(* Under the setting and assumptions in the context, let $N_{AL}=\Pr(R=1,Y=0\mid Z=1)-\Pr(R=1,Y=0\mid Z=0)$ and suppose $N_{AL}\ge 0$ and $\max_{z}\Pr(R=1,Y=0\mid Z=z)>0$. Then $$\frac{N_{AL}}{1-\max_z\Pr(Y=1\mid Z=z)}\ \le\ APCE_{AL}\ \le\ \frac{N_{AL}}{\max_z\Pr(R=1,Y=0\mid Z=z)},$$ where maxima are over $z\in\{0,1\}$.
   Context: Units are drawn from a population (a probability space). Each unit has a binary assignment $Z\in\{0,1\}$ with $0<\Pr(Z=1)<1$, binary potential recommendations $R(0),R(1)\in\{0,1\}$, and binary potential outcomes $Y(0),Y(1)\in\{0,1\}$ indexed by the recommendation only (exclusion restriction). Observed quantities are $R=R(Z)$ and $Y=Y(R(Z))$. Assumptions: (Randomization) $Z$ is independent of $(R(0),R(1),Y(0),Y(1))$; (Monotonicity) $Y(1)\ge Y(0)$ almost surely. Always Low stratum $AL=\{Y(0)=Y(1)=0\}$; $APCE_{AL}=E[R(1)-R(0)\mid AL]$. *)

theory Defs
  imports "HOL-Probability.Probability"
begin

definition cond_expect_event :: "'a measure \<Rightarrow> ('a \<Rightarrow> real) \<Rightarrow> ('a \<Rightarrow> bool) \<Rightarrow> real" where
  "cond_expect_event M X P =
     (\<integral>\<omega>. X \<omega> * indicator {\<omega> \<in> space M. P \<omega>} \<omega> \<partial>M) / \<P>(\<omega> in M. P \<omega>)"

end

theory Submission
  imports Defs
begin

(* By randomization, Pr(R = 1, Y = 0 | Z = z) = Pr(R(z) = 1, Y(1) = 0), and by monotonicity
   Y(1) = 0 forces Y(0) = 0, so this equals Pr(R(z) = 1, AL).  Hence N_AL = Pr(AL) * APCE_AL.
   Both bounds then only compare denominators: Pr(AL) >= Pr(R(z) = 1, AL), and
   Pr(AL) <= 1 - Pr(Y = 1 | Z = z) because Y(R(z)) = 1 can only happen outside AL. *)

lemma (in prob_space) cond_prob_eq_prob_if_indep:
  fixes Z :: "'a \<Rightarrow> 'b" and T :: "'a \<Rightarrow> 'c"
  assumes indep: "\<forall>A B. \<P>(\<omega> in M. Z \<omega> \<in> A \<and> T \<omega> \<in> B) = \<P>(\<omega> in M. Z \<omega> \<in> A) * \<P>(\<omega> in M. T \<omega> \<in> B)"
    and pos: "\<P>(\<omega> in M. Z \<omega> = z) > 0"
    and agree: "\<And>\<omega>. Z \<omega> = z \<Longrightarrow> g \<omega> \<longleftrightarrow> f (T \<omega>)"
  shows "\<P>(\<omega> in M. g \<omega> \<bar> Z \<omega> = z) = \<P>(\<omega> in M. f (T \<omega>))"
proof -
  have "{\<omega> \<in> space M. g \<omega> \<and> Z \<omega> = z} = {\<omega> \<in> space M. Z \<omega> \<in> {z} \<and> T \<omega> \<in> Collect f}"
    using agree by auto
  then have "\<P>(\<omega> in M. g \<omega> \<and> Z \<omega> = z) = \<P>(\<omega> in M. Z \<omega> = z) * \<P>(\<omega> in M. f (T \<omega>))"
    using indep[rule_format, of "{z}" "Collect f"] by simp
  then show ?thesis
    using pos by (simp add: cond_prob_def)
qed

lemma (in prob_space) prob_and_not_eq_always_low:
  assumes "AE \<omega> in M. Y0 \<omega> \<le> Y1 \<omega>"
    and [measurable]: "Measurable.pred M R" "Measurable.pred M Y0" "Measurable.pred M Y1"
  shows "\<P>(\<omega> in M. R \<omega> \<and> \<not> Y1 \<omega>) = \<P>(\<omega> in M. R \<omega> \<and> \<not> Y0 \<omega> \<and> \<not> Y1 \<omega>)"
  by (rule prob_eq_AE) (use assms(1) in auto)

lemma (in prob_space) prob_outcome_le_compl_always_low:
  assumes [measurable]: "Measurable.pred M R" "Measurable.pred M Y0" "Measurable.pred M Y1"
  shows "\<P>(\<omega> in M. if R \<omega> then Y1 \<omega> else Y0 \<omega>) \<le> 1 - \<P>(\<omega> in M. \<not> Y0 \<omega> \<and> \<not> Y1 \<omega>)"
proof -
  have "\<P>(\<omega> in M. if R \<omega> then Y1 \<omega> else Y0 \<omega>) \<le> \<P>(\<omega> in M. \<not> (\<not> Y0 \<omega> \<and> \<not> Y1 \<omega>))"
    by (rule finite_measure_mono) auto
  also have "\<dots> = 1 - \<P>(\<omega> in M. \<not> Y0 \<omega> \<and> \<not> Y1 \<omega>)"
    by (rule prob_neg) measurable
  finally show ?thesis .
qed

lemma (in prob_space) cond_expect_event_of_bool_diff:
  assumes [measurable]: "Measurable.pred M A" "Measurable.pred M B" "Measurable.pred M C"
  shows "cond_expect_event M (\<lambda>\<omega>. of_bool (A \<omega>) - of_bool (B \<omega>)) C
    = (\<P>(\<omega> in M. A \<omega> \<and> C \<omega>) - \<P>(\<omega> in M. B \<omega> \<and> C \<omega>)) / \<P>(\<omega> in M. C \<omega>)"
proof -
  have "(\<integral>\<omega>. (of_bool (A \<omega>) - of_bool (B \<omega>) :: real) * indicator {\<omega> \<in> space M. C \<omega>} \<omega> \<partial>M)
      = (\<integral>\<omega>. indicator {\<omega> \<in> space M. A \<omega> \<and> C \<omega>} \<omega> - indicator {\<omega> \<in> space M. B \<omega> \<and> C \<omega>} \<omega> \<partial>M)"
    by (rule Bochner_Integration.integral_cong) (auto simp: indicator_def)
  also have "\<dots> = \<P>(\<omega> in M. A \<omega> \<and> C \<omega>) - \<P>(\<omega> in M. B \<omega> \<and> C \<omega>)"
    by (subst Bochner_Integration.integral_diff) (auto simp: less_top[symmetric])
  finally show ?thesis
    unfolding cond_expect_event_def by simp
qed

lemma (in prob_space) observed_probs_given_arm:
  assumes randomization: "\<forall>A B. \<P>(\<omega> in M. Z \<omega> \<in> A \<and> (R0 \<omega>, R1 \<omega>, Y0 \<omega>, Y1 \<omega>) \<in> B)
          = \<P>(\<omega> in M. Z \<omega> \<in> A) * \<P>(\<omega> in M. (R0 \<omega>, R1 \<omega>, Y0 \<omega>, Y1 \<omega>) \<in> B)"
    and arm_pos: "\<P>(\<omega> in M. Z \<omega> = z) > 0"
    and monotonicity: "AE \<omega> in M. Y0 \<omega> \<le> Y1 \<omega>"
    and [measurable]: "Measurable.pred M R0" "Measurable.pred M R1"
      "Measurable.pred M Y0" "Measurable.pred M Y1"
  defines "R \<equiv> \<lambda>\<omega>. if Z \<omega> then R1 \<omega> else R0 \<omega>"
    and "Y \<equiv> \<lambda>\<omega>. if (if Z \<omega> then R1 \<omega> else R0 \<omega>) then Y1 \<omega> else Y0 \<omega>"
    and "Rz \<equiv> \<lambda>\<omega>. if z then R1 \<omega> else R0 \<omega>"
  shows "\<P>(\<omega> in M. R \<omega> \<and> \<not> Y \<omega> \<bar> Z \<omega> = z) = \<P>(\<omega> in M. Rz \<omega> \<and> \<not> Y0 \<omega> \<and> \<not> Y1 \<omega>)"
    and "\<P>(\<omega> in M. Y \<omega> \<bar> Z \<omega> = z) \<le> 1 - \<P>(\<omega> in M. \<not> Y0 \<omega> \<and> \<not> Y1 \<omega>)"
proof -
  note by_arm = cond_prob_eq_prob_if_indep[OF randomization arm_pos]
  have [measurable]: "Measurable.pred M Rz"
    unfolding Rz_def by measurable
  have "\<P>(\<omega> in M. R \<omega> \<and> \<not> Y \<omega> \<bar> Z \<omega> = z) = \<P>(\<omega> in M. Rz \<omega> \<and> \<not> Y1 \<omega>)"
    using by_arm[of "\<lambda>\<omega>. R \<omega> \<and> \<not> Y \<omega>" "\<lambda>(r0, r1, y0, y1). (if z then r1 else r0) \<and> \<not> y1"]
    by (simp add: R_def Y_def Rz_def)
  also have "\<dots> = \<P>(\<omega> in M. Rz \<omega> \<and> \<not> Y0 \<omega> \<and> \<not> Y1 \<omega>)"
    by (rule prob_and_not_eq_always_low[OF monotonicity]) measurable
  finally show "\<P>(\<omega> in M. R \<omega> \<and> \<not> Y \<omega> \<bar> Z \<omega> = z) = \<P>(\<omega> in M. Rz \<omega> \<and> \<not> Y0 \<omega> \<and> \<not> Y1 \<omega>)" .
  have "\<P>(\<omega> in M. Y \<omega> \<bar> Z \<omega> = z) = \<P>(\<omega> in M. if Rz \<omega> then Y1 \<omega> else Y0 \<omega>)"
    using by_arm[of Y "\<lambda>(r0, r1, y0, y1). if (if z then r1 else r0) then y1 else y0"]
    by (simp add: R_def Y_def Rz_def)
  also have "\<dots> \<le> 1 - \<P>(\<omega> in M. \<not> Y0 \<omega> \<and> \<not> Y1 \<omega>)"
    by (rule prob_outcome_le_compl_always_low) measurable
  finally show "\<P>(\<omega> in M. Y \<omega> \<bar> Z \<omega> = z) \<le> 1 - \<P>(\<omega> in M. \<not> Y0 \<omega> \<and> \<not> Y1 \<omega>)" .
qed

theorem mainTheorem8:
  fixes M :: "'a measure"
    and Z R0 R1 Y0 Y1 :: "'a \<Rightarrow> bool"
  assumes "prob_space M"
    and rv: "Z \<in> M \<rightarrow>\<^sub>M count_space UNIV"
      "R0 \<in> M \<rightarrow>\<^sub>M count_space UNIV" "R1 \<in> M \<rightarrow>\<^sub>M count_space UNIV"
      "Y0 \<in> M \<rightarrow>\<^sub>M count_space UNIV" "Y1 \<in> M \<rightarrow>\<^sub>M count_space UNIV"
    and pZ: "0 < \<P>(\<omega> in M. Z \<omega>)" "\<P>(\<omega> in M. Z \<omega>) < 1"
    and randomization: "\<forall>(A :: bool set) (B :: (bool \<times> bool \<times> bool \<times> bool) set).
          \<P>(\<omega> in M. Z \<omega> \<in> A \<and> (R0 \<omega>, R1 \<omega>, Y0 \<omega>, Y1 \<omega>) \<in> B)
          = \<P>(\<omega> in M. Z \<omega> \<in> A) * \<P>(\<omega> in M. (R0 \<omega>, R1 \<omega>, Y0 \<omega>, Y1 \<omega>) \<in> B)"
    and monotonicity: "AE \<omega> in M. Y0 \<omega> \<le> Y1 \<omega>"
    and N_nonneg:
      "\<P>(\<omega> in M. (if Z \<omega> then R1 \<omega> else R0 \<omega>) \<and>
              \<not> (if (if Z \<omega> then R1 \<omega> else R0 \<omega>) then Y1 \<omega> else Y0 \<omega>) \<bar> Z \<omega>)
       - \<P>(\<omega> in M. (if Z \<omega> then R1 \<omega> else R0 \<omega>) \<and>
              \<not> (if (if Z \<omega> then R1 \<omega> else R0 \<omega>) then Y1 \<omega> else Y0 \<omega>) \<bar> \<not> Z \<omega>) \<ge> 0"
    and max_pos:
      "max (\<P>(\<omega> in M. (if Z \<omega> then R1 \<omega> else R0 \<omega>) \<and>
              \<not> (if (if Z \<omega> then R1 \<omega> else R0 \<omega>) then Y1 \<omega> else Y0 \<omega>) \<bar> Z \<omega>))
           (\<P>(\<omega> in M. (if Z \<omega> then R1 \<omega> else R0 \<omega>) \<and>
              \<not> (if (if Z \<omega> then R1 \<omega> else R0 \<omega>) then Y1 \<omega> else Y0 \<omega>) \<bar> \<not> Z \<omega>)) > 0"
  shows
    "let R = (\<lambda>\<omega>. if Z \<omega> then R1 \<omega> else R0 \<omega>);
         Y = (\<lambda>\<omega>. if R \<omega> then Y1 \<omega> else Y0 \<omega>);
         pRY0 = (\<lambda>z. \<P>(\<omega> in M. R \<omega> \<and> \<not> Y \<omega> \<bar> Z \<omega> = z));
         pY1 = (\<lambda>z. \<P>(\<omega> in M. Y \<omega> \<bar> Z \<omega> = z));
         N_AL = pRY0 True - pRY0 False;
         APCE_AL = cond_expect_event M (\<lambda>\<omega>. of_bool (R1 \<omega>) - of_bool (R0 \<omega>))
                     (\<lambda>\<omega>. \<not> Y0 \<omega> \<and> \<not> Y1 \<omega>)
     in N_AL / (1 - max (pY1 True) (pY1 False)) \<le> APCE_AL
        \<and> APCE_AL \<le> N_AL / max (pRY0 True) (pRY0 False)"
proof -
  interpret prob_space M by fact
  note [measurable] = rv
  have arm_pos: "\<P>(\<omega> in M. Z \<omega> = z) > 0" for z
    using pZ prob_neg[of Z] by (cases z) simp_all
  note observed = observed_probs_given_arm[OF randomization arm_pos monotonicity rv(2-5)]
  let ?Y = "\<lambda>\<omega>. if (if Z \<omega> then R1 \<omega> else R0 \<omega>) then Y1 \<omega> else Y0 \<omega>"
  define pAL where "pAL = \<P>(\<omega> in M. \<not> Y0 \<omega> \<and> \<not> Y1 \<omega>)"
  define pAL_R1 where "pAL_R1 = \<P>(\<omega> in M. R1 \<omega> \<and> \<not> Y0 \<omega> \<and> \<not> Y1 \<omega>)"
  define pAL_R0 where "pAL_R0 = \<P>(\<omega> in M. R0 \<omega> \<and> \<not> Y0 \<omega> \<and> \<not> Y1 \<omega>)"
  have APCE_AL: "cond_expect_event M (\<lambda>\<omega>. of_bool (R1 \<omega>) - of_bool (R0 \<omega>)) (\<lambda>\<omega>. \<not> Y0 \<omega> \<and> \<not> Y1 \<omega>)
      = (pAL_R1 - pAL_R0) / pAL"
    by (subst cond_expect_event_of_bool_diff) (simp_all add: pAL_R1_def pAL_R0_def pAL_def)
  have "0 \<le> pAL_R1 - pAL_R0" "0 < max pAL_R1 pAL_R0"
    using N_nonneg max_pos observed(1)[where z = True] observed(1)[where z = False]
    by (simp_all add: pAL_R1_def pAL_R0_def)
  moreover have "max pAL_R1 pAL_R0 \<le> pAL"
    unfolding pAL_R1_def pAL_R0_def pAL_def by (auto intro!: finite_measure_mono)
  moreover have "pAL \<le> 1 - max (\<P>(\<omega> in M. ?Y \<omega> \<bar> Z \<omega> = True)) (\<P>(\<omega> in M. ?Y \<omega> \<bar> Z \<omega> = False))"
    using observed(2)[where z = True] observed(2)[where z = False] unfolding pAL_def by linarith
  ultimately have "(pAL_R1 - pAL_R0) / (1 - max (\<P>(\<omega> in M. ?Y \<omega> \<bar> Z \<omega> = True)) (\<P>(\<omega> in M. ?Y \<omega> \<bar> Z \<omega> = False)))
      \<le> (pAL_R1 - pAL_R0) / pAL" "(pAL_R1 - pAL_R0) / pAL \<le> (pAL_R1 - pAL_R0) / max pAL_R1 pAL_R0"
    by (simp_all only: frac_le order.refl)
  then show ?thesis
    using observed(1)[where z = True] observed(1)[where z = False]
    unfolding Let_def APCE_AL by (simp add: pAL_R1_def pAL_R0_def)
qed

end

Exercise: Could you copy each line in the listing above that includes the word "agree"?

Result for this task:
    and agree: "\<And>\<omega>. Z \<omega> = z \<Longrightarrow> g \<omega> \<longleftrightarrow> f (T \<omega>)"
    using agree by auto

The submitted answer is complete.